Configuration example:
Spark.executor.extraJavaOptions-XX:MaxPermSize=1000m
Spark.executor.memory 1g
Spark.serializer org.apache.spark.serializer.KryoSerializer
Spark.cores.max 32
Spark.shuffle.manager SORT
Spark.driver.memory 2g
Spark.shuffle.consolidateFiles true
Details:
Spark.executor.extraJavaOptions sets the extended Java option, which specifies a permanent maximum memory of 1000m
Spark.executor.memory specifies that when the executor that the application provides computing resources starts, the heap memory needs 1g (occupied Worker memory). The default is 512m.
Spark.serializer specifies the class that is serialized, in this case org.apache.spark.serializer.KryoSerializer
Spark.cores.max specifies the maximum number of cores for each Driver to run. Here, 3G is specified, and all cores owned by the default system
Spark.shuffle.manager specifies the management method to be used in shuffle. Here, SORT is specified. Sorting can reduce the generation of temporary files, but it consumes a little bit of performance.

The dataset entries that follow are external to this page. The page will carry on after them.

(* Let $V:\mathbb R^n\to\mathbb R$ be $C^2$ with $\int e^{-V}<\infty$, and let $(X_t)$ solve $X_t=X_0+\sqrt2B_t-\int_0^t\nabla V(X_s)ds$. Let $\rho$ satisfy $\langle u,\operatorname{Hess}V(x)u\rangle\ge\rho(x)|u|^2$ for all $x,u$, with $\rho\ge\rho_0\ge0$. Define $\rho_{inf}(|x|)=\inf_{|y|\le|x|}\rho(y)$ and $\rho_{sup}(|x|)=\inf_{|y|\ge|x|}\rho(y)$. If $\rho_{inf}$ is non-increasing on $(a,+\infty)$ for some $a\ge0$, then for all $x,y\in\mathbb R^n$ and $t\ge0$, $$W_1(P_t^*\delta_x,P_t^*\delta_y)\le|x-y|\,\mathbb E_x\Big[e^{-\int_0^t\mathbf 1_{|X_s|>a+|x-y|}\rho_{inf}(|X_s|+|x-y|)ds}\Big];$$ respectively, if $\rho_{sup}$ is non-decreasing on $(a,+\infty)$ for some $a\ge0$, then $$W_1(P_t^*\delta_x,P_t^*\delta_y)\le|x-y|\,\mathbb E_x\Big[e^{-\int_0^t\mathbf 1_{|X_s|>a+|x-y|}\rho_{sup}(|X_s|-|x-y|)ds}\Big].$$
   Context: $P_t^*\delta_x$ is the law of $X_t$ started at $x$; $\mathbb E_x$ denotes expectation for the process started at $x$. $W_1$: $L^1$ Wasserstein distance. *)

theory Defs
  imports "HOL-Probability.Probability"
begin

definition brownian_motion :: "'a measure \<Rightarrow> (real \<Rightarrow> 'a \<Rightarrow> real^'n) \<Rightarrow> bool" where
  "brownian_motion M B \<longleftrightarrow>
     prob_space M \<and>
     (\<forall>t. B t \<in> borel_measurable M) \<and>
     (\<forall>\<omega>\<in>space M. B 0 \<omega> = 0 \<and> continuous_on {0..} (\<lambda>t. B t \<omega>)) \<and>
     (\<forall>s t. 0 \<le> s \<longrightarrow> s < t \<longrightarrow>
        distr M lborel (\<lambda>\<omega>. B t \<omega> - B s \<omega>) =
        density lborel (\<lambda>z. ennreal (\<Prod>i\<in>UNIV. normal_density 0 (sqrt (t - s)) (z $ i)))) \<and>
     (\<forall>ts. sorted ts \<longrightarrow> (\<forall>r\<in>set ts. 0 \<le> r) \<longrightarrow>
        prob_space.indep_vars M (\<lambda>_. borel)
          (\<lambda>j \<omega>. B (ts ! Suc j) \<omega> - B (ts ! j) \<omega>) {..<length ts - 1})"

definition C2_grad_hess ::
  "(real^'n \<Rightarrow> real) \<Rightarrow> (real^'n \<Rightarrow> real^'n) \<Rightarrow> (real^'n \<Rightarrow> real^'n \<Rightarrow> real^'n) \<Rightarrow> bool" where
  "C2_grad_hess V G H \<longleftrightarrow>
     (\<forall>x. (V has_derivative (\<lambda>h. G x \<bullet> h)) (at x)) \<and>
     (\<forall>x. (G has_derivative H x) (at x)) \<and>
     (\<forall>u. continuous_on UNIV (\<lambda>x. H x u))"

definition couplings :: "'b::topological_space measure \<Rightarrow> 'b measure \<Rightarrow> ('b \<times> 'b) measure set" where
  "couplings \<mu> \<nu> = {\<pi>. prob_space \<pi> \<and> sets \<pi> = sets (borel :: ('b \<times> 'b) measure) \<and>
       distr \<pi> borel fst = \<mu> \<and> distr \<pi> borel snd = \<nu>}"

definition W1 :: "'b::metric_space measure \<Rightarrow> 'b measure \<Rightarrow> ennreal" where
  "W1 \<mu> \<nu> = (INF \<pi>\<in>couplings \<mu> \<nu>. \<integral>\<^sup>+ p. ennreal (dist (fst p) (snd p)) \<partial>\<pi>)"

definition rho_inf :: "(real^'n \<Rightarrow> real) \<Rightarrow> real \<Rightarrow> real" where
  "rho_inf \<rho> r = Inf {\<rho> y | y. norm y \<le> r}"

definition rho_sup :: "(real^'n \<Rightarrow> real) \<Rightarrow> real \<Rightarrow> real" where
  "rho_sup \<rho> r = Inf {\<rho> y | y. norm y \<ge> r}"

end

(* Synchronous coupling: drive the diffusions started at x and at y by the same Brownian path.
   The noise cancels in D = X x - X y, which solves D' = -(grad V (X x) - grad V (X y)).
   By the mean value theorem along the segment between X y and X x, the inner product
   <grad V a - grad V b, a - b> is at least the infimum of \<rho> on that segment times |a - b|^2.
   Hence |D| is non-increasing, the whole segment stays within |x - y| of X x, and there
   rho_inf (|X x| + |x - y|), resp. rho_sup (|X x| - |x - y|), bounds \<rho> from below.
   Integrating d/ds ln |D| then gives |D t| <= |x - y| exp (- \<integral> k (X x s) ds) pathwise,
   and the coupling bounds W1 by the expectation of the right-hand side. *)

theory Submission
  imports Defs
begin

lemma inner_gradient_diff_ge:
  fixes G :: "'a::real_inner \<Rightarrow> 'a" and H :: "'a \<Rightarrow> 'a \<Rightarrow> 'a"
  assumes GH: "\<And>x. (G has_derivative H x) (at x)"
    and hess: "\<And>x u. \<rho> x * (norm u)\<^sup>2 \<le> H x u \<bullet> u"
    and segment: "\<And>\<theta>. 0 \<le> \<theta> \<Longrightarrow> \<theta> \<le> 1 \<Longrightarrow> \<kappa> \<le> \<rho> (b + \<theta> *\<^sub>R (a - b))"
  shows "\<kappa> * (norm (a - b))\<^sup>2 \<le> (G a - G b) \<bullet> (a - b)"
proof -
  define \<gamma> where "\<gamma> \<theta> = b + \<theta> *\<^sub>R (a - b)" for \<theta>
  define \<phi> where "\<phi> \<theta> = G (\<gamma> \<theta>) \<bullet> (a - b)" for \<theta>
  have "DERIV \<phi> \<theta> :> H (\<gamma> \<theta>) (a - b) \<bullet> (a - b)" for \<theta>
  proof -
    have "((\<lambda>\<theta>. G (\<gamma> \<theta>)) has_derivative (\<lambda>h. H (\<gamma> \<theta>) (h *\<^sub>R (a - b)))) (at \<theta>)"
      unfolding \<gamma>_def by (rule has_derivative_compose[OF _ GH, unfolded o_def]) (auto intro!: derivative_eq_intros)
    then have "(\<phi> has_derivative (\<lambda>h. H (\<gamma> \<theta>) (h *\<^sub>R (a - b)) \<bullet> (a - b))) (at \<theta>)"
      unfolding \<phi>_def by (rule has_derivative_inner_left)
    moreover have "linear (H (\<gamma> \<theta>))" using GH has_derivative_linear by blast
    ultimately show ?thesis unfolding has_field_derivative_def
      by (auto elim!: has_derivative_eq_rhs simp: fun_eq_iff linear_scale)
  qed
  then obtain z where z: "0 < z" "z < 1" "\<phi> 1 - \<phi> 0 = H (\<gamma> z) (a - b) \<bullet> (a - b)"
    using MVT2[of 0 1 \<phi>] by force
  have "\<kappa> * (norm (a - b))\<^sup>2 \<le> \<rho> (\<gamma> z) * (norm (a - b))\<^sup>2"
    using segment[of z] z unfolding \<gamma>_def by (intro mult_right_mono) auto
  also have "\<dots> \<le> \<phi> 1 - \<phi> 0" using hess z(3) by simp
  also have "\<dots> = (G a - G b) \<bullet> (a - b)" unfolding \<phi>_def \<gamma>_def by (simp add: inner_diff_left)
  finally show ?thesis .
qed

Spark.driver.memory specifies the amount of memory used by Driver itself, where 2G
The above attributes can also be configured separately in SparkConf and optimized according to the performance of each machine.

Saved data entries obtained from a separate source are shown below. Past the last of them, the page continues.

lemma opp_in_block_alg:
  fixes bl :: "idx \<Rightarrow> nat"
  assumes "M \<in> block_alg bl ps cp"
  shows "opp M \<in> block_alg (bl \<circ> sw) (ps \<circ> sw) (cp \<circ> sw)"
proof -
  obtain F where F: "\<And>p q. M $ p $ q = (if bl p = bl q \<and> cp p = cp q then F (bl p) (ps p) (ps q) else 0)"
    using assms by (rule block_algE) blast
  show ?thesis by (rule block_algI[where F = "\<lambda>b x y. F b y x"]) (auto simp: F opp_apply)
qed

lemma opp_image_block_alg:
  fixes bl :: "idx \<Rightarrow> nat"
  shows "opp ` block_alg bl ps cp = block_alg (bl \<circ> sw) (ps \<circ> sw) (cp \<circ> sw)"
proof
  show "block_alg (bl \<circ> sw) (ps \<circ> sw) (cp \<circ> sw) \<subseteq> opp ` block_alg bl ps cp"
  proof
    fix N assume "N \<in> block_alg (bl \<circ> sw) (ps \<circ> sw) (cp \<circ> sw)"
    then have "opp N \<in> block_alg (bl \<circ> sw \<circ> sw) (ps \<circ> sw \<circ> sw) (cp \<circ> sw \<circ> sw)"
      by (rule opp_in_block_alg)
    then have "opp N \<in> block_alg bl ps cp" by (simp add: comp_def)
    then show "N \<in> opp ` block_alg bl ps cp" by (metis image_eqI opp_opp)
  qed
qed (use opp_in_block_alg in blast)

lemma hodge_if_ClD_eq_block_alg:
  fixes bl :: "idx \<Rightarrow> nat"
  assumes reg: "regular_blocks bl ps cp pt"
    and ps_sw: "ps \<circ> sw = cp" and cp_sw: "cp \<circ> sw = ps"
    and bl_sw: "\<And>p q. bl (sw p) = bl (sw q) \<longleftrightarrow> bl p = bl q"
    and ClD: "ClD D = block_alg bl ps cp"
  shows "hodge D"
proof -
  have "commutant (ClD D) = block_alg bl cp ps"
    unfolding ClD by (rule commutant_block_alg[OF reg])
  moreover have "opp ` ClD D = block_alg bl cp ps"
    unfolding ClD opp_image_block_alg ps_sw cp_sw by (rule block_alg_cong) (simp add: bl_sw)
  ultimately show ?thesis unfolding hodge_def by simp
qed

definition diag_proj :: "idx set \<Rightarrow> op" where
  "diag_proj Q = (\<chi> p q. if p = q \<and> p \<in> Q then 1 else 0)"

lemma opp_diag_proj: "opp (diag_proj Q) = diag_proj (sw ` Q)"
proof -
  have "(sw q = sw p \<and> sw q \<in> Q) \<longleftrightarrow> (p = q \<and> p \<in> sw ` Q)" for p q
    by (metis image_iff sw_sw)
  then show ?thesis by (simp add: vec_eq_iff opp_apply diag_proj_def)
qed

lemma diag_proj_in_block_alg:
  assumes reg: "regular_blocks bl ps cp pt"
    and Q: "\<And>p r. p \<in> Q \<Longrightarrow> bl r = bl p \<Longrightarrow> cp r = cp p \<Longrightarrow> r \<in> Q"
  shows "diag_proj Q \<in> block_alg bl cp ps"
proof (rule block_algI[where F = "\<lambda>b c c'. if c = c' \<and> (\<exists>r\<in>Q. bl r = b \<and> cp r = c) then 1 else 0"])
  fix p q
  show "diag_proj Q $ p $ q = (if bl p = bl q \<and> ps p = ps q
      then (if cp p = cp q \<and> (\<exists>r\<in>Q. bl r = bl p \<and> cp r = cp p) then 1 else 0) else 0)"
  proof (cases "p = q")
    case True
    have "(\<exists>r\<in>Q. bl r = bl p \<and> cp r = cp p) \<longleftrightarrow> p \<in> Q"
      using Q[of _ p] by auto
    then show ?thesis using True by (simp add: diag_proj_def)
  next
    case False
    then show ?thesis using regular_blocks_inj[OF reg, of p q] by (auto simp: diag_proj_def)
  qed
qed

lemma diag_proj_not_in_block_alg:
  assumes "q \<in> Q" "r \<notin> Q" "bl r = bl q" "ps r = ps q"
  shows "diag_proj Q \<notin> block_alg bl ps cp"
proof
  assume "diag_proj Q \<in> block_alg bl ps cp"
  then obtain F where F: "\<And>p p'. diag_proj Q $ p $ p' =
      (if bl p = bl p' \<and> cp p = cp p' then F (bl p) (ps p) (ps p') else 0)"
    by (rule block_algE) blast
  have "diag_proj Q $ q $ q = diag_proj Q $ r $ r" using F[of q q] F[of r r] assms(3,4) by simp
  then show False using assms(1,2) by (simp add: diag_proj_def)
qed

text \<open>If \<open>Cl_D(A)\<close> lies in a block algebra \<open>B\<close>, a projection in the commutant of \<open>B\<close> is in
  \<open>Cl_D(A)'\<close>; if its opposite is not even in \<open>B\<close>, it is not in \<open>Cl_D(A)\<^sup>\<circ>\<close>.\<close>

lemma not_hodge_if_ClD_subset_block_alg:
  fixes bl :: "idx \<Rightarrow> nat"
  assumes reg: "regular_blocks bl ps cp pt" and sub: "ClD D \<subseteq> block_alg bl ps cp"
    and Q: "\<And>p r. p \<in> Q \<Longrightarrow> bl r = bl p \<Longrightarrow> cp r = cp p \<Longrightarrow> r \<in> Q"
    and q: "q \<in> sw ` Q" and r: "r \<notin> sw ` Q" and "bl r = bl q" "ps r = ps q"
  shows "\<not> hodge D"
proof
  assume "hodge D"
  have "diag_proj Q \<in> commutant (block_alg bl ps cp)"
    unfolding commutant_block_alg[OF reg] by (rule diag_proj_in_block_alg[OF reg Q])
  then have "diag_proj Q \<in> commutant (ClD D)" using sub unfolding commutant_def by blast
  then obtain Y where "Y \<in> ClD D" "diag_proj Q = opp Y"
    using \<open>hodge D\<close> unfolding hodge_def by blast
  then have "opp (diag_proj Q) \<in> block_alg bl ps cp"
    using sub by (auto simp: opp_opp)
  then have "diag_proj (sw ` Q) \<in> block_alg bl ps cp"
    by (simp only: opp_diag_proj)
  then show False using diag_proj_not_in_block_alg[OF q r] assms(6,7) by blast
qed

section \<open>The algebra \<open>Cl_D(A)\<close>\<close>

definition e_perp :: "complex^4^4" where
  "e_perp = mat 1 - emat 0 0"

definition alg_elt :: "complex \<Rightarrow> complex \<Rightarrow> complex \<Rightarrow> complex^4^4 \<Rightarrow> op" where
  "alg_elt l z w m = kron3 (diag1 l z w) (emat 0 0) (mat 1) + kron3 (diag2 l m) (emat 1 1) (mat 1)"

lemma algA_iff: "a \<in> algA \<longleftrightarrow> (\<exists>l z w m. a = alg_elt l z w m)"
  by (auto simp: algA_def alg_elt_def)

lemma alg_elt_in_algA: "alg_elt l z w m \<in> algA"
  by (auto simp: algA_iff)

lemmas m4_simps = matrix_mult_apply sum_UNIV_4 emat_apply smat_apply cadj_apply mat_1_apply e_perp_def
  diag1_def diag2_def Xmat_def Ymat_def cmat_def

lemmas entry_simps = kron3_apply emat_apply mat_1_apply e_perp_def diag1_def diag2_def Xmat_def Ymat_def
  cmat_def vec_lambda_beta matrix_mult_apply sum_UNIV_4 sum_UNIV_2 smat_apply cadj_apply complex_cnj_zero
  complex_cnj_one mult_zero_left mult_zero_right mult_1_left mult_1_right add_0_left add_0_right diff_0
  diff_0_right minus_zero diff_self complex_cnj_cnj complex_cnj_minus vector_add_component
  vector_minus_component vector_uminus_component zero_index

lemma D0_eq: "D0 Xa Xb Y = kron3 Xa (emat 0 0) (emat 0 0) + kron3 Xb (emat 0 0) e_perp
    + kron3 Y (emat 0 1) (emat 0 0) + kron3 (cadj Y) (emat 1 0) (emat 0 0)"
  by (simp add: D0_def e_perp_def)

lemma Jconj_D0: "Jconj (D0 Xa Xb Y) = kron3 (emat 0 0) (emat 1 1) (cmat Xa) + kron3 e_perp (emat 1 1) (cmat Xb)
    + kron3 (emat 0 0) (emat 1 0) (cmat Y) + kron3 (emat 0 0) (emat 0 1) (cmat (cadj Y))"
proof -
  have "cmat (emat i j) = emat i j" for i j :: 4
    by (simp add: vec_eq_iff cmat_def emat_apply)
  moreover have "cmat e_perp = e_perp"
    by (simp add: vec_eq_iff cmat_def e_perp_def emat_apply mat_1_apply)
  moreover have "flipc (emat 0 0) = emat 1 1" "flipc (emat 0 1) = emat 1 0" "flipc (emat 1 0) = emat 0 1"
    by (rule m2_eqI; auto simp: flipc_def emat_apply)+
  ultimately show ?thesis by (simp add: D0_eq Jconj_add Jconj_kron3)
qed

text \<open>The left tensor factors of \<open>J D\<^sub>0 J\<^sup>-\<^sup>1\<close> and \<open>D\<^sub>R\<close> are \<open>emat 0 0\<close> and \<open>e_perp\<close>, and both
  diagonal blocks of an element of \<open>A\<close> start with the same \<open>\<lambda>\<close>; so both operators commute with \<open>A\<close>.\<close>

lemma diag_mult_emat_00:
  "diag1 l z w ** emat 0 0 = smat l (emat 0 0)" "emat 0 0 ** diag1 l z w = smat l (emat 0 0)"
  "diag2 l m ** emat 0 0 = smat l (emat 0 0)" "emat 0 0 ** diag2 l m = smat l (emat 0 0)"
  "diag2 l m ** e_perp = e_perp ** diag2 l m"
  by (rule m4_eqI; auto simp: m4_simps)+

lemma Jconj_D0_commute: "Jconj (D0 Xa Xb Y) ** alg_elt l z w m = alg_elt l z w m ** Jconj (D0 Xa Xb Y)"
  by (simp add: Jconj_D0 alg_elt_def kron3_simps diag_mult_emat_00 add_ac)

lemma DR_commute: "DR u ** alg_elt l z w m = alg_elt l z w m ** DR u"
  by (simp add: DR_def alg_elt_def kron3_simps diag_mult_emat_00 add_ac)

definition commutator :: "op \<Rightarrow> op \<Rightarrow> op" where
  "commutator X Y = X ** Y - Y ** X"

lemma Dirac_commutator: "commutator (Dirac Xa Xb Y u) (alg_elt l z w m) = commutator (D0 Xa Xb Y) (alg_elt l z w m)"
  by (simp add: commutator_def Dirac_def matrix_add_ldistrib matrix_mult_add_right Jconj_D0_commute DR_commute)

lemma ClD_algA: "a \<in> algA \<Longrightarrow> a \<in> ClD D"
  and ClD_form: "a \<in> algA \<Longrightarrow> b \<in> algA \<Longrightarrow> a ** (D ** b - b ** D) \<in> ClD D"
  and ClD_add: "X \<in> ClD D \<Longrightarrow> Y \<in> ClD D \<Longrightarrow> X + Y \<in> ClD D"
  and ClD_smat: "X \<in> ClD D \<Longrightarrow> smat c X \<in> ClD D"
  and ClD_mult: "X \<in> ClD D \<Longrightarrow> Y \<in> ClD D \<Longrightarrow> X ** Y \<in> ClD D"
  and ClD_cadj: "X \<in> ClD D \<Longrightarrow> cadj X \<in> ClD D"
  unfolding ClD_def
  by (blast intro: star_alg_gen.gen, blast intro: star_alg_gen.gen, (rule star_alg_gen.intros; assumption)+)

lemma ClD_diff: "X \<in> ClD D \<Longrightarrow> Y \<in> ClD D \<Longrightarrow> X - Y \<in> ClD D"
  unfolding smat_minus_1 by (intro ClD_add ClD_smat)

lemma ClD_zero: "0 \<in> ClD D"
  using ClD_smat[OF ClD_algA[OF alg_elt_in_algA], of 0] by (simp add: smat_0)

lemma ClD_sum: "finite A \<Longrightarrow> (\<And>x. x \<in> A \<Longrightarrow> f x \<in> ClD D) \<Longrightarrow> sum f A \<in> ClD D"
  by (induction A rule: finite_induct) (auto intro: ClD_add ClD_zero)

Spark.shuffle.consolidateFiles specifies that when merging small files, there will be many small files in map. In fact, there is only one result after reduce, while small files will be left. The setting below is that the small files after map will be merged into one file.
The priority of Spark attribute is: SparkConf mode > command line parameter mode > file configuration mode.
5.3.3. Modify the slave node
# vim slaves
Dn1
Dn2
Dn3
5.4. Install other cluster machines
Scala Quick Distribution:
Scp-r / home/utoken/software/scala-2.10.5 utoken@dn1:/home/utoken/software/
Spark Quick Distribution:
Scp-r spark-1.3.0-bin-hadoop2.4 utoken@dn1:/home/utoken/software/
5.5.Boot / shutdown spark Startup and shutdown Cluster
[utoken@nn1 spark-1.3.0-bin-hadoop2.4] $. / sbin/start-all.sh
[utoken@nn1 spark-1.3.0-bin-hadoop2.4] $. / sbin/stop-all.sh
Start and shut down Master separately
[utoken@nn1 spark-1.3.0-bin-hadoop2.4] $. / sbin/start-master.sh
[utoken@nn1 spark-1.3.0-bin-hadoop2.4] $. / sbin/stop-master.sh
Start Slaves separately
[utoken@nn1 spark-1.3.0-bin-hadoop2.4] $. / sbin/start-slaves.sh
[utoken@nn1 spark-1.3.0-bin-hadoop2.4] $. / sbin/stop-slaves.sh
Start a Worker in the Slaves separately and specify the port (not required if there is no port conflict)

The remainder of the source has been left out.